Tythonnia waited until she heard Ladonna and Par-Salian arrive next to her.

“Ready?” Par-Salian whispered.

They replied in the affirmative and put their combined weight into tugging on the pull ring. All they needed was a foot or two, enough to slip through. The gate, however, was heavy and required every bit of weight they could muster to budge it an inch. It creaked open, loud enough to sound like thunder. Another jump dragged the large iron ring down, and the double steel gates spread open a little wider.

“It’s enough,” Par-Salian said. “Go, go.”

They ran for the gate and peered through. They could see the mountain pass rising up on either side and the two knights staring nervously up the ramp. Tythonnia tried to slip through, as it was agreed that she would be the first, and was almost stuck in the pinch of the door. She tried not to grunt as someone pushed her through; her flesh stung, but she was grateful for the escape. She could hear the rustle of cloth as Par-Salian or Ladonna came through next.

Thankfully, the two knights were just far enough away to hear nothing. Instead, they eyed the double gate warily until the brown-haired, walrus-mustached Solamnic said, “Summon the captain and them hunters. I’ll stay ’ere and make sure nothin’ gets through.”

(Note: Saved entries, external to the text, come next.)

(* Let $X$ be a $T_1$ space with $|X|<\mathfrak b$. Then $X$ is set strongly star Hurewicz if and only if $e(X)=\omega$.
   Context: For a family $\mathcal U$ of subsets of $X$ and $A\subseteq X$, $st(A,\mathcal U)=\bigcup\{U\in\mathcal U: U\cap A\neq\emptyset\}$. $X$ is set strongly star Hurewicz if for every nonempty $A\subseteq X$ and every sequence $(\mathcal U_n:n\in\omega)$ of families of open sets with $\overline A\subseteq\bigcup\mathcal U_n$ for all $n$, there are finite $F_n\subseteq\overline A$ such that each $x\in A$ lies in $st(F_n,\mathcal U_n)$ for all but finitely many $n$. $e(X)$ is the supremum of cardinalities of closed discrete subsets ($e(X)=\omega$ means all closed discrete subsets are countable). $\mathfrak b$ is the minimal cardinality of a $\leq^*$-unbounded subset of $\omega^\omega$. *)

theory Defs
  imports "HOL-Analysis.Analysis"
begin

definition st :: "'a set \<Rightarrow> 'a set set \<Rightarrow> 'a set" where
  "st A \<U> = \<Union>{U \<in> \<U>. U \<inter> A \<noteq> {}}"

definition set_strongly_star_Hurewicz :: "'a topology \<Rightarrow> bool" where
  "set_strongly_star_Hurewicz X \<longleftrightarrow>
     (\<forall>A \<U>. A \<noteq> {} \<and> A \<subseteq> topspace X \<and>
        (\<forall>n. (\<forall>U\<in>\<U> n. openin X U) \<and> X closure_of A \<subseteq> \<Union>(\<U> n)) \<longrightarrow>
        (\<exists>F :: nat \<Rightarrow> 'a set. (\<forall>n. finite (F n) \<and> F n \<subseteq> X closure_of A) \<and>
           (\<forall>x\<in>A. \<forall>\<^sub>F n in sequentially. x \<in> st (F n) (\<U> n))))"

text \<open>Closed discrete subsets; e(X) = omega means all of them are countable.\<close>
definition closed_discrete :: "'a topology \<Rightarrow> 'a set \<Rightarrow> bool" where
  "closed_discrete X D \<longleftrightarrow> closedin X D \<and> subtopology X D = discrete_topology D"

definition extent_countable :: "'a topology \<Rightarrow> bool" where
  "extent_countable X \<longleftrightarrow> (\<forall>D. closed_discrete X D \<longrightarrow> countable D)"

definition le_star :: "(nat \<Rightarrow> nat) \<Rightarrow> (nat \<Rightarrow> nat) \<Rightarrow> bool" where
  "le_star f g \<longleftrightarrow> (\<forall>\<^sub>F n in sequentially. f n \<le> g n)"

definition unbounded_family :: "(nat \<Rightarrow> nat) set \<Rightarrow> bool" where
  "unbounded_family F \<longleftrightarrow> \<not> (\<exists>g. \<forall>f\<in>F. le_star f g)"

text \<open>|S| < b, where b = min{|F| : F unbounded}: S is strictly smaller than every unbounded family.\<close>
definition less_than_b :: "'a set \<Rightarrow> bool" where
  "less_than_b S \<longleftrightarrow> (\<forall>F. unbounded_family F \<longrightarrow> (card_of S, card_of F) \<in> ordLess)"

end

theory Submission
  imports Defs
begin

text \<open>In a \<open>T\<^sub>1\<close> space every open cover \<open>\<U>\<close> of a closed set \<open>C\<close> has a closed discrete
  kernel \<open>D \<subseteq> C\<close> with \<open>C \<subseteq> st D \<U>\<close>: a maximal subset of \<open>C\<close> no two points of which lie in a
  common member of \<open>\<U>\<close>. If \<open>e(X) = \<omega>\<close>, the kernels \<open>D\<^sub>n\<close> for \<open>\<U>\<^sub>n\<close> are countable; enumerating
  them, each \<open>x \<in> A\<close> gives the function sending \<open>n\<close> to the least index of a point of \<open>D\<^sub>n\<close> that
  shares a member of \<open>\<U>\<^sub>n\<close> with \<open>x\<close>. Fewer than \<open>\<bb>\<close> such functions are dominated by a single
  \<open>g\<close>, and the first \<open>g(n)\<close> points of \<open>D\<^sub>n\<close> form \<open>F\<^sub>n\<close>.
  Conversely, isolate the points of a closed discrete set \<open>D\<close> by open sets \<open>V\<^sub>d\<close> and use the
  constant cover \<open>{V\<^sub>d}\<close>: a star of \<open>F \<subseteq> D\<close> meets \<open>D\<close> only in \<open>F\<close>, so every point of \<open>D\<close> is
  eventually in the finite sets \<open>F\<^sub>n\<close>, and \<open>D\<close> is countable.\<close>

lemma closed_discrete_iff_derived_set_empty:
  "closed_discrete X D \<longleftrightarrow> D \<subseteq> topspace X \<and> X derived_set_of D = {}"
  unfolding closed_discrete_def closedin_contains_derived_set subtopology_eq_discrete_topology_eq
  by blast

lemma closed_discrete_isolating_open:
  assumes "closed_discrete X D" and "d \<in> D"
  obtains U where "openin X U" and "U \<inter> D = {d}"
proof -
  have "d \<in> topspace X" "d \<notin> X derived_set_of D"
    using assms by (auto simp: closed_discrete_iff_derived_set_empty)
  then obtain U where "openin X U" "d \<in> U" "\<And>y. y \<in> D \<Longrightarrow> y \<in> U \<Longrightarrow> y = d"
    by (auto simp: in_derived_set_of)
  with \<open>d \<in> D\<close> show thesis
    using that by blast
qed

lemma st_UN_singletons: "st F \<U> = (\<Union>y\<in>F. st {y} \<U>)"
  unfolding st_def by auto

lemma st_mono: "F \<subseteq> G \<Longrightarrow> st F \<U> \<subseteq> st G \<U>"
  unfolding st_def by blast

lemma st_isolating_family_Int:
  assumes V: "\<And>d. d \<in> D \<Longrightarrow> V d \<inter> D = {d}" and "F \<subseteq> D"
  shows "D \<inter> st F (V ` D) \<subseteq> F"
proof
  fix x assume "x \<in> D \<inter> st F (V ` D)"
  then obtain d y where "d \<in> D" "x \<in> D" "x \<in> V d" "y \<in> V d" "y \<in> F"
    unfolding st_def by blast
  with V[of d] \<open>F \<subseteq> D\<close> have "x = d" "y = d"
    by blast+
  with \<open>y \<in> F\<close> show "x \<in> F"
    by simp
qed

lemma countable_if_eventually_in_finite:
  assumes "\<And>n. finite (F n)" and "\<forall>x\<in>D. \<forall>\<^sub>F n in sequentially. x \<in> F n"
  shows "countable D"
proof (rule countable_subset)
  show "D \<subseteq> (\<Union>m. \<Inter>n\<in>{m..}. F n)"
    using assms(2) by (fastforce simp: eventually_sequentially)
  have "finite (\<Inter>n\<in>{m..}. F n)" for m
    using assms(1)[of m] by (rule finite_subset[rotated]) auto
  then show "countable (\<Union>m. \<Inter>n\<in>{m..}. F n)"
    by (simp add: countable_finite)
qed

lemma set_strongly_star_Hurewicz_imp_extent_countable:
  assumes "set_strongly_star_Hurewicz X"
  shows "extent_countable X"
  unfolding extent_countable_def
proof (intro allI impI)
  fix D assume D: "closed_discrete X D"
  show "countable D"
  proof (cases "D = {}")
    case False
    have "\<forall>d\<in>D. \<exists>U. openin X U \<and> U \<inter> D = {d}"
      using closed_discrete_isolating_open[OF D] by metis
    then obtain V where V: "\<And>d. d \<in> D \<Longrightarrow> openin X (V d) \<and> V d \<inter> D = {d}"
      by metis
    have "D \<subseteq> topspace X" and "X closure_of D = D"
      using D by (auto simp: closed_discrete_def closedin_subset closure_of_closedin)
    with False V obtain F where F: "\<And>n. finite (F n) \<and> F n \<subseteq> D"
      and ev: "\<forall>x\<in>D. \<forall>\<^sub>F n in sequentially. x \<in> st (F n) (V ` D)"
      using assms[unfolded set_strongly_star_Hurewicz_def, rule_format, of D "\<lambda>_. V ` D"]
      by auto
    have "\<forall>x\<in>D. \<forall>\<^sub>F n in sequentially. x \<in> F n"
      using ev st_isolating_family_Int[of D V, OF _ conjunct2[OF F]] V
      by (blast intro: eventually_mono)
    with F show ?thesis
      by (intro countable_if_eventually_in_finite[of F]) blast+
  qed simp
qed

lemma unlinked_subset_closed_discrete:
  assumes "t1_space X" and "closedin X C"
    and "\<forall>U\<in>\<U>. openin X U" and "C \<subseteq> \<Union>\<U>"
    and "M \<subseteq> C" and unlinked: "pairwise (\<lambda>x y. \<forall>U\<in>\<U>. x \<notin> U \<or> y \<notin> U) M"
  shows "closed_discrete X M"
  unfolding closed_discrete_iff_derived_set_empty
proof
  show "M \<subseteq> topspace X"
    using \<open>M \<subseteq> C\<close> closedin_subset[OF \<open>closedin X C\<close>] by (rule subset_trans)
  show "X derived_set_of M = {}"
  proof (rule equals0I)
    fix z assume z: "z \<in> X derived_set_of M"
    have "X derived_set_of M \<subseteq> C"
      using derived_set_of_mono[OF \<open>M \<subseteq> C\<close>] \<open>closedin X C\<close>
      by (auto simp: closedin_contains_derived_set)
    with z \<open>C \<subseteq> \<Union>\<U>\<close> obtain U where "U \<in> \<U>" "z \<in> U"
      by blast
    have "finite (U \<inter> M)"
    proof (cases "U \<inter> M = {}")
      case False
      then obtain a where "a \<in> U \<inter> M"
        by blast
      with unlinked \<open>U \<in> \<U>\<close> have "U \<inter> M \<subseteq> {a}"
        unfolding pairwise_def by blast
      then show ?thesis
        by (rule finite_subset) simp
    qed simp
    then have "X derived_set_of (U \<inter> M) = {}"
      using \<open>t1_space X\<close> t1_space_derived_set_of_finite by blast
    moreover have "z \<in> X derived_set_of (U \<inter> M)"
      using openin_Int_derived_set_of_subset[of X U M] assms(3) \<open>U \<in> \<U>\<close> \<open>z \<in> U\<close> z
      by blast
    ultimately show False
      by blast
  qed
qed

lemma closed_discrete_star_kernel:
  assumes "t1_space X" and "closedin X C"
    and "\<forall>U\<in>\<U>. openin X U" and "C \<subseteq> \<Union>\<U>"
  obtains D where "D \<subseteq> C" and "C \<subseteq> st D \<U>" and "closed_discrete X D"
proof -
  define unlinked where "unlinked = pairwise (\<lambda>x y. \<forall>U\<in>\<U>. x \<notin> U \<or> y \<notin> U)"
  have "\<Union>\<C> \<in> {M. M \<subseteq> C \<and> unlinked M}" if "\<C> \<in> chains {M. M \<subseteq> C \<and> unlinked M}" for \<C>
  proof -
    have "\<C> \<subseteq> {M. M \<subseteq> C \<and> unlinked M}" and "chain\<^sub>\<subseteq> \<C>"
      using that unfolding chains_def by auto
    moreover from this have "unlinked (\<Union>\<C>)"
      unfolding unlinked_def by (intro pairwise_chain_Union) auto
    ultimately show ?thesis
      by blast
  qed
  then obtain M where "M \<in> {M. M \<subseteq> C \<and> unlinked M}"
    and maximal: "\<forall>N\<in>{M. M \<subseteq> C \<and> unlinked M}. M \<subseteq> N \<longrightarrow> N = M"
    using Zorn_Lemma[of "{M. M \<subseteq> C \<and> unlinked M}"] by auto
  then have M: "M \<subseteq> C" "unlinked M"
    by auto
  have "C \<subseteq> st M \<U>"
  proof
    fix z assume "z \<in> C"
    show "z \<in> st M \<U>"
    proof (rule ccontr)
      assume z: "z \<notin> st M \<U>"
      then have "unlinked (insert z M)"
        using M(2) unfolding unlinked_def st_def pairwise_insert by auto
      then have "z \<in> M"
        using maximal M(1) \<open>z \<in> C\<close> by blast
      with z \<open>z \<in> C\<close> assms(4) show False
        unfolding st_def by blast
    qed
  qed
  moreover have "closed_discrete X M"
    using unlinked_subset_closed_discrete[OF assms M(1)] M(2) unfolding unlinked_def .
  ultimately show thesis
    using that M(1) by blast
qed

lemma less_than_b_bounded:
  assumes "less_than_b S" and "A \<subseteq> S"
  obtains g where "\<forall>x\<in>A. le_star (f x) g"
proof -
  have small: "(card_of (f ` A), card_of S) \<in> ordLeq"
    by (rule ordLeq_transitive[OF card_of_image card_of_mono1[OF assms(2)]])
  have "\<not> unbounded_family (f ` A)"
  proof
    assume "unbounded_family (f ` A)"
    with assms(1) have "(card_of S, card_of (f ` A)) \<in> ordLess"
      unfolding less_than_b_def by blast
    with small show False
      by (simp add: not_ordLess_ordLeq)
  qed
  then show thesis
    unfolding unbounded_family_def using that by auto
qed

lemma finite_star_selection:
  assumes "less_than_b S" and "A \<subseteq> S"
    and "\<And>n. countable (D n)" and "\<And>n. A \<subseteq> st (D n) (\<U> n)"
  shows "\<exists>F. (\<forall>n. finite (F n) \<and> F n \<subseteq> D n) \<and>
           (\<forall>x\<in>A. \<forall>\<^sub>F n in sequentially. x \<in> st (F n) (\<U> n))"
proof -
  define idx where "idx n = to_nat_on (D n)" for n
  define f where "f x n = (LEAST k. \<exists>y\<in>D n. idx n y = k \<and> x \<in> st {y} (\<U> n))" for x n
  have f: "\<exists>y\<in>D n. idx n y = f x n \<and> x \<in> st {y} (\<U> n)" if "x \<in> A" for x n
  proof -
    have "\<exists>y\<in>D n. x \<in> st {y} (\<U> n)"
      using that assms(4)[of n] st_UN_singletons[of "D n" "\<U> n"] by blast
    then have "\<exists>k. \<exists>y\<in>D n. idx n y = k \<and> x \<in> st {y} (\<U> n)"
      by blast
    then show ?thesis
      unfolding f_def by (rule LeastI_ex)
  qed
  obtain g where g: "\<forall>x\<in>A. le_star (f x) g"
    by (rule less_than_b_bounded[OF assms(1,2)])
  define F where "F n = idx n -` {..g n} \<inter> D n" for n
  have "finite (F n)" for n
    unfolding F_def idx_def
    by (rule finite_vimage_IntI[OF finite_atMost inj_on_to_nat_on[OF assms(3)]])
  moreover have "F n \<subseteq> D n" for n
    unfolding F_def by blast
  moreover have "\<forall>\<^sub>F n in sequentially. x \<in> st (F n) (\<U> n)" if "x \<in> A" for x
  proof -
    have "\<forall>\<^sub>F n in sequentially. f x n \<le> g n"
      using g that unfolding le_star_def by blast
    then show ?thesis
    proof (rule eventually_mono)
      fix n assume "f x n \<le> g n"
      with f[OF that, of n] obtain y where "y \<in> F n" "x \<in> st {y} (\<U> n)"
        unfolding F_def by fastforce
      then show "x \<in> st (F n) (\<U> n)"
        using st_mono[of "{y}" "F n" "\<U> n"] by blast
    qed
  qed
  ultimately show ?thesis
    by blast
qed

lemma extent_countable_imp_set_strongly_star_Hurewicz:
  assumes "t1_space X" and "less_than_b (topspace X)" and "extent_countable X"
  shows "set_strongly_star_Hurewicz X"
  unfolding set_strongly_star_Hurewicz_def
proof (intro allI impI)
  fix A and \<U> :: "nat \<Rightarrow> 'a set set"
  assume A: "A \<noteq> {} \<and> A \<subseteq> topspace X \<and>
    (\<forall>n. (\<forall>U\<in>\<U> n. openin X U) \<and> X closure_of A \<subseteq> \<Union>(\<U> n))"
  let ?C = "X closure_of A"
  have "\<exists>D. D \<subseteq> ?C \<and> ?C \<subseteq> st D (\<U> n) \<and> closed_discrete X D" for n
  proof -
    have "\<forall>U\<in>\<U> n. openin X U" and "?C \<subseteq> \<Union>(\<U> n)"
      using A by auto
    then obtain D where "D \<subseteq> ?C" "?C \<subseteq> st D (\<U> n)" "closed_discrete X D"
      by (rule closed_discrete_star_kernel[OF assms(1) closedin_closure_of])
    then show ?thesis
      by blast
  qed
  then obtain D where D: "\<And>n. D n \<subseteq> ?C" "\<And>n. ?C \<subseteq> st (D n) (\<U> n)"
    and "\<And>n. closed_discrete X (D n)"
    by metis
  then have "countable (D n)" for n
    using assms(3) unfolding extent_countable_def by blast
  moreover have "A \<subseteq> st (D n) (\<U> n)" for n
    using closure_of_subset[of A X] A D(2)[of n] by blast
  ultimately obtain F where "\<forall>n. finite (F n) \<and> F n \<subseteq> D n"
    and "\<forall>x\<in>A. \<forall>\<^sub>F n in sequentially. x \<in> st (F n) (\<U> n)"
    using finite_star_selection[OF assms(2), of A D \<U>] A by blast
  with D(1) show "\<exists>F. (\<forall>n. finite (F n) \<and> F n \<subseteq> ?C) \<and>
      (\<forall>x\<in>A. \<forall>\<^sub>F n in sequentially. x \<in> st (F n) (\<U> n))"
    by blast
qed

theorem corollary4p1:
  fixes X :: "'a topology"
  assumes "t1_space X"
    and "less_than_b (topspace X)"
  shows "set_strongly_star_Hurewicz X \<longleftrightarrow> extent_countable X"
  using set_strongly_star_Hurewicz_imp_extent_countable
    extent_countable_imp_set_strongly_star_Hurewicz[OF assms]
  by blast

end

The other knight nodded and ran to the keep just as a couple more knights were running up to the ramp.

“Hurry,” Par-Salian said with a hiss of a whisper.

Carefully, quickly, Tythonnia moved down the ramp on an arc away from the knight who was pointing his sword at the door. She held Ladonna’s hand lightly, enough to guide them along and stay in contact.

“Come on then, Mr. Door,” the knight said nervously. “No need to be opening like that on yer own. Just ain’t natural. How about ya close yerself up again and we can go on then, nice and peaceful, eh? No fuss.”

Down the ramp and onto the soft, lush green of the plains, Tythonnia was grateful to put the tower behind her. That side of the pass was empty of caravans and camps, though the grass was flattened in places. Since the knights were behind them, Tythonnia moved faster. After another moment, they were along the mountain walls of the Westgate Pass and behind a fold in the skirt of the cliff. They were out of sight of the keep and in near darkness.

Three times, Tythonnia grasped a tuft of horse hair, her hands moving into interlocking gestures and mouthing the words, “Stahaliun emersa.”

Three times, the script of rune vanished from her thoughts, like a word almost remembered and out of tongue’s reach. Three times, the air shimmered dimly as a brown horse fifteen hands high with golden eyes and a mane the color of the darkness between stars seemed to emerge from somewhere unseen. The horses were equipped with bit and bridle, their bodies lean and made for the run. Par-Salian, Tythonnia, and Ladonna quickly mounted their steeds.